Based on the extensive experience and advanced technical platforms, Creative Biolabs offers customized, one-stop ECIA™ cellular analysis services designed to accelerate your immune monitoring or epitope discovery projects. We carry out the cellular assays with optimized and validated protocols, which are time-saving and cost-efficient. Our experienced scientists could deliver accurate reports and overcome the pitfalls of variability. With our unique high-throughput approach, hundreds of samples can be processed in a single program, allowing you to focus on your critical work and project planning.
Upon receiving your inquiry, our experts will engage themselves with your project quickly, design suitable cell-based analysis protocols, come up with a complete quotation including experimental design, cell preparation and shipping, details of the assay protocols, and the final report. Customers can order a single cellular analysis service or any other service from the whole epitope discovery system.
Fig.1 Cell-mediated immunity. (Wen, 2017)
HLA tissue typing service is consisted of a series of systematically integrated assays to help customers acquire complicated HLA allele information for both academic research and clinical application.
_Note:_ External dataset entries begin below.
(* Let $G=(V,E,s)$ be a flow graph with dominator tree $D$, let $(x,y)\in E$ with $x$ reachable from $s$, and let $G'$ be obtained from $G$ by deleting $(x,y)$, where $y$ becomes unreachable from $s$ in $G'$. If a vertex $v$ that is reachable in both $G$ and $G'$ is affected by the deletion, i.e., $d'(v)\neq d(v)$, then there is a path $P$ in $G$ from $y$ to $v$ such that $\mathit{depth}(d(v))<\mathit{depth}(w)$ for all vertices $w$ on $P$.
   Context: A flow graph $G=(V,E,s)$ is a directed graph with start vertex $s$; a vertex is reachable if there is a path from $s$ to it. For reachable vertices, $w$ dominates $v$ if every path from $s$ to $v$ contains $w$. The immediate dominator $d(v)$ of a reachable $v\neq s$ is the proper dominator of $v$ that is dominated by all other proper dominators of $v$. The dominator tree $D$ is the tree on the reachable vertices rooted at $s$ in which the parent of $v\neq s$ is $d(v)$; $\mathit{depth}(w)$ is the depth of $w$ in $D$ (the dominator tree of $G$, before the deletion). $d'(v)$ denotes the immediate dominator of $v$ in $G'$. *)

theory Defs
  imports Main
begin

definition flow_graph :: "'a set \<Rightarrow> ('a \<times> 'a) set \<Rightarrow> 'a \<Rightarrow> bool" where
  "flow_graph V E s \<longleftrightarrow> finite V \<and> E \<subseteq> V \<times> V \<and> s \<in> V"

definition is_path :: "('a \<times> 'a) set \<Rightarrow> 'a list \<Rightarrow> bool" where
  "is_path E p \<longleftrightarrow> p \<noteq> [] \<and> successively (\<lambda>a b. (a, b) \<in> E) p"

definition path_from_to :: "('a \<times> 'a) set \<Rightarrow> 'a list \<Rightarrow> 'a \<Rightarrow> 'a \<Rightarrow> bool" where
  "path_from_to E p u v \<longleftrightarrow> is_path E p \<and> hd p = u \<and> last p = v"

definition reachable :: "('a \<times> 'a) set \<Rightarrow> 'a \<Rightarrow> 'a \<Rightarrow> bool" where
  "reachable E s v \<longleftrightarrow> (\<exists>p. path_from_to E p s v)"

definition dominates :: "('a \<times> 'a) set \<Rightarrow> 'a \<Rightarrow> 'a \<Rightarrow> 'a \<Rightarrow> bool" where
  "dominates E s w v \<longleftrightarrow> reachable E s w \<and> reachable E s v \<and>
     (\<forall>p. path_from_to E p s v \<longrightarrow> w \<in> set p)"

definition idom :: "('a \<times> 'a) set \<Rightarrow> 'a \<Rightarrow> 'a \<Rightarrow> 'a" where
  "idom E s v = (THE w. w \<noteq> v \<and> dominates E s w v \<and>
      (\<forall>u. u \<noteq> v \<and> dominates E s u v \<longrightarrow> dominates E s u w))"

text \<open>Depth in the dominator tree D (parent of v is idom v, root s):
  the number of parent steps needed to reach the root.\<close>
definition dom_depth :: "('a \<times> 'a) set \<Rightarrow> 'a \<Rightarrow> 'a \<Rightarrow> nat" where
  "dom_depth E s w = (LEAST n. (idom E s ^^ n) w = s)"

end

theory Submission
  imports Defs
begin

text \<open>Let \<open>d = d(v)\<close> and \<open>u = d'(v)\<close>. Since \<open>d\<close> still dominates \<open>v\<close> after the deletion, it
  dominates \<open>u\<close> in \<open>G'\<close>, and \<open>u\<close> cannot dominate \<open>v\<close> in \<open>G\<close> (it would then dominate \<open>d\<close>,
  forcing \<open>u = d\<close>). So some path of \<open>G\<close> from \<open>s\<close> to \<open>v\<close> avoids \<open>u\<close>. Its part after the
  last occurrence of \<open>d\<close> consists of vertices properly dominated by \<open>d\<close>, hence deeper than \<open>d\<close>
  in \<open>D\<close>; and it must use the deleted edge, for otherwise prefixing it with a \<open>u\<close>-avoiding
  path of \<open>G'\<close> from \<open>s\<close> to \<open>d\<close> would reach \<open>v\<close> in \<open>G'\<close> without passing \<open>u\<close>. The part of it
  from \<open>y\<close> on is the required path. Depth is computed as the number of proper dominators.\<close>

lemma path_from_to_prefix:
  assumes "path_from_to E (p @ q) u v" and "p \<noteq> []"
  shows "path_from_to E p u (last p)"
  using assms by (auto simp: path_from_to_def is_path_def successively_append_iff)

lemma path_from_to_suffix:
  assumes "path_from_to E (p @ q) u v" and "q \<noteq> []"
  shows "path_from_to E q (hd q) v"
  using assms by (auto simp: path_from_to_def is_path_def successively_append_iff)

lemma path_from_to_split:
  assumes "path_from_to E (p @ a # q) u v"
  shows "path_from_to E (p @ [a]) u a" and "path_from_to E (a # q) a v"
  using assms path_from_to_prefix[of E "p @ [a]" q] path_from_to_suffix[of E p "a # q"] by auto

lemma path_from_to_append:
  assumes "path_from_to E p u a" and "path_from_to E (a # q) a v"
  shows "path_from_to E (p @ q) u v"
  using assms by (cases q) (auto simp: path_from_to_def is_path_def successively_append_iff)

lemma path_from_to_mono:
  assumes "E' \<subseteq> E" and "path_from_to E' p u v"
  shows "path_from_to E p u v"
  using assms unfolding path_from_to_def is_path_def by (auto elim: successively_mono)

lemma reachable_mono: "E' \<subseteq> E \<Longrightarrow> reachable E' s v \<Longrightarrow> reachable E s v"
  unfolding reachable_def using path_from_to_mono by metis

lemma reachable_refl: "reachable E s s"
  unfolding reachable_def path_from_to_def is_path_def by (rule exI[of _ "[s]"]) simp

lemma reachable_if_in_path:
  assumes "path_from_to E p s v" and "a \<in> set p"
  shows "reachable E s a"
proof -
  obtain p1 p2 where "p = p1 @ a # p2" using assms(2) by (meson split_list)
  with assms(1) have "path_from_to E (p1 @ [a]) s a" using path_from_to_split(1) by simp
  then show ?thesis unfolding reachable_def by blast
qed

lemma successively_split_not_successively:
  assumes "successively P xs" and "\<not> successively Q xs"
  shows "\<exists>as a b bs. xs = as @ a # b # bs \<and> P a b \<and> \<not> Q a b"
  using assms
proof (induction xs rule: induct_list012)
  case (3 a b xs)
  show ?case
  proof (cases "Q a b")
    case True
    with "3.prems" obtain as c d bs where "b # xs = as @ c # d # bs" "P c d" "\<not> Q c d"
      using "3.IH"(2) by auto
    then show ?thesis by (intro exI[of _ "a # as"]) auto
  next
    case False
    with "3.prems" show ?thesis by (intro exI[of _ "[]"]) auto
  qed
qed simp_all

lemma not_dominates_avoiding_path:
  assumes "\<not> dominates E s a v" and "reachable E s a" and "reachable E s v"
  obtains p where "path_from_to E p s v" and "a \<notin> set p"
  using assms unfolding dominates_def by blast

lemma dominates_refl: "reachable E s v \<Longrightarrow> dominates E s v v"
  unfolding dominates_def path_from_to_def is_path_def by auto

lemma dominates_start: "reachable E s v \<Longrightarrow> dominates E s s v"
  using reachable_refl[of E s] unfolding dominates_def path_from_to_def is_path_def
  by (auto intro: list.set_sel)

lemma dominates_trans:
  assumes "dominates E s a b" and "dominates E s b c"
  shows "dominates E s a c"
proof -
  have "a \<in> set p" if p: "path_from_to E p s c" for p
  proof -
    have "b \<in> set p" using assms(2) p unfolding dominates_def by blast
    then obtain p1 p2 where p12: "p = p1 @ b # p2" by (meson split_list)
    with p have "path_from_to E (p1 @ [b]) s b" using path_from_to_split(1) by simp
    then have "a \<in> set (p1 @ [b])" using assms(1) unfolding dominates_def by blast
    with p12 show ?thesis by auto
  qed
  with assms show ?thesis unfolding dominates_def by blast
qed

lemma dominates_antisym:
  assumes ab: "dominates E s a b" and ba: "dominates E s b a"
  shows "a = b"
proof (rule ccontr)
  assume "a \<noteq> b"
  obtain p where p: "path_from_to E p s b"
    using ab unfolding dominates_def reachable_def by blast
  then have "a \<in> set p" using ab unfolding dominates_def by blast
  then obtain p1 p2 where p12: "p = p1 @ a # p2" "a \<notin> set p1" by (meson split_list_first)
  have pa: "path_from_to E (p1 @ [a]) s a" using p p12 path_from_to_split(1) by simp
  then have "b \<in> set (p1 @ [a])" using ba unfolding dominates_def by blast
  with \<open>a \<noteq> b\<close> obtain q1 q2 where q12: "p1 = q1 @ b # q2" by (auto dest: split_list)
  have "path_from_to E (q1 @ b # (q2 @ [a])) s a" using pa q12 by simp
  then have "path_from_to E (q1 @ [b]) s b" by (rule path_from_to_split(1))
  then have "a \<in> set (q1 @ [b])" using ab unfolding dominates_def by blast
  with p12 q12 \<open>a \<noteq> b\<close> show False by auto
qed

lemma dominates_linear:
  assumes aw: "dominates E s a w" and bw: "dominates E s b w"
  shows "dominates E s a b \<or> dominates E s b a"
proof (rule ccontr)
  assume "\<not> (dominates E s a b \<or> dominates E s b a)"
  moreover have "reachable E s a" "reachable E s b" using aw bw by (auto simp: dominates_def)
  ultimately obtain q r where q: "path_from_to E q s b" "a \<notin> set q"
    and r: "path_from_to E r s a" "b \<notin> set r"
    using not_dominates_avoiding_path by metis
  obtain p where p: "path_from_to E p s w" using aw unfolding dominates_def reachable_def by blast
  then have "b \<in> set p" using bw unfolding dominates_def by blast
  then obtain p1 p2 where p12: "p = p1 @ b # p2" "b \<notin> set p2" by (meson split_list_last)
  show False
  proof (cases "a \<in> set p2")
    case False
    have "path_from_to E (b # p2) b w" using p p12 path_from_to_split(2) by simp
    then have "path_from_to E (q @ p2) s w" by (rule path_from_to_append[OF q(1)])
    with False q(2) aw show False unfolding dominates_def by auto
  next
    case True
    then obtain p3 p4 where p34: "p2 = p3 @ a # p4" by (meson split_list)
    have "path_from_to E (a # p4) a w" using p p12 p34 path_from_to_split(2)[of E "p1 @ b # p3"] by simp
    then have "path_from_to E (r @ p4) s w" by (rule path_from_to_append[OF r(1)])
    with r(2) p12 p34 bw show False unfolding dominates_def by auto
  qed
qed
We provide up-to-date HLA sequencing services and use the PCR-SSO/SSP strategies, which could meet specific requirements in sequencing resolution, time, budget, and research objectives and perfectly maintain a balance among the assay quality, time and cost. Furthermore, modules based on the Next-Generation Sequencing (NGS) are ready for a more precise analysis.
This assay can identify and enumerate the number of ASC and those secreting antibodies to a specific antigen in samples with high sensitivity at the cellular level. On the other hand, this platform can also be utilized for infection detection, drug therapy, vaccination, and autoimmunity.
The optimized ELISpot assay measures the magnitude and quality of T cells immunity through detecting antigen-specificity T cells that involve in the secretion of cytokines and other utility. This process is much more reproducible and sensitive than other assays, such as cytokine measurements in detecting low-frequency antigen-specific CD4+ and CD8+ T cells.
Intracellular cytokine staining is achieved by blocking the transfer of protein-mediated by the Golgi apparatus, by the use of in vitro polyclonal activators or specific antigen-stimulated cells and cytokine transmembrane secretion blocker, allowing the accumulation of cytokines in the cytoplasm.
This protocol can display the character of single-cell and the specificity of cell groups, which could directly reflect in vivo cell state and the level of protein in the cytoplasm.
Carboxyfluorescein succinimidyl ester (CFSE) can easily penetrate the cell membrane and covalently bind to the intracellular protein in the living cells. It will release green fluorescence after hydrolysis. The labeled cells can be observed for weeks in vivo so that they are normally utilized in the experiments of cell test and cell activity observation using fluorescent electron microscopy or confocal.
In animal research, the interaction between host and pathogen has attracted more and more attention. There has been some progress in the study of T-cell immune reagents for many animals, but it is urgent to directly evaluate pathogen-specific T-cells, a rare cell population, but the most important thing is to coordinate the host's immune response to specific pathogens. At present, we provide a technology that can quantify antigen-specific cellular immunity at the single-cell level, and can monitor individual immunity in detail based on the variability related to the number of activated T cells or the type of cytokines secreted. In veterinary medicine, the detection of pathogen-specific T cells can provide diagnostic help in the case of unclear or missing serological results.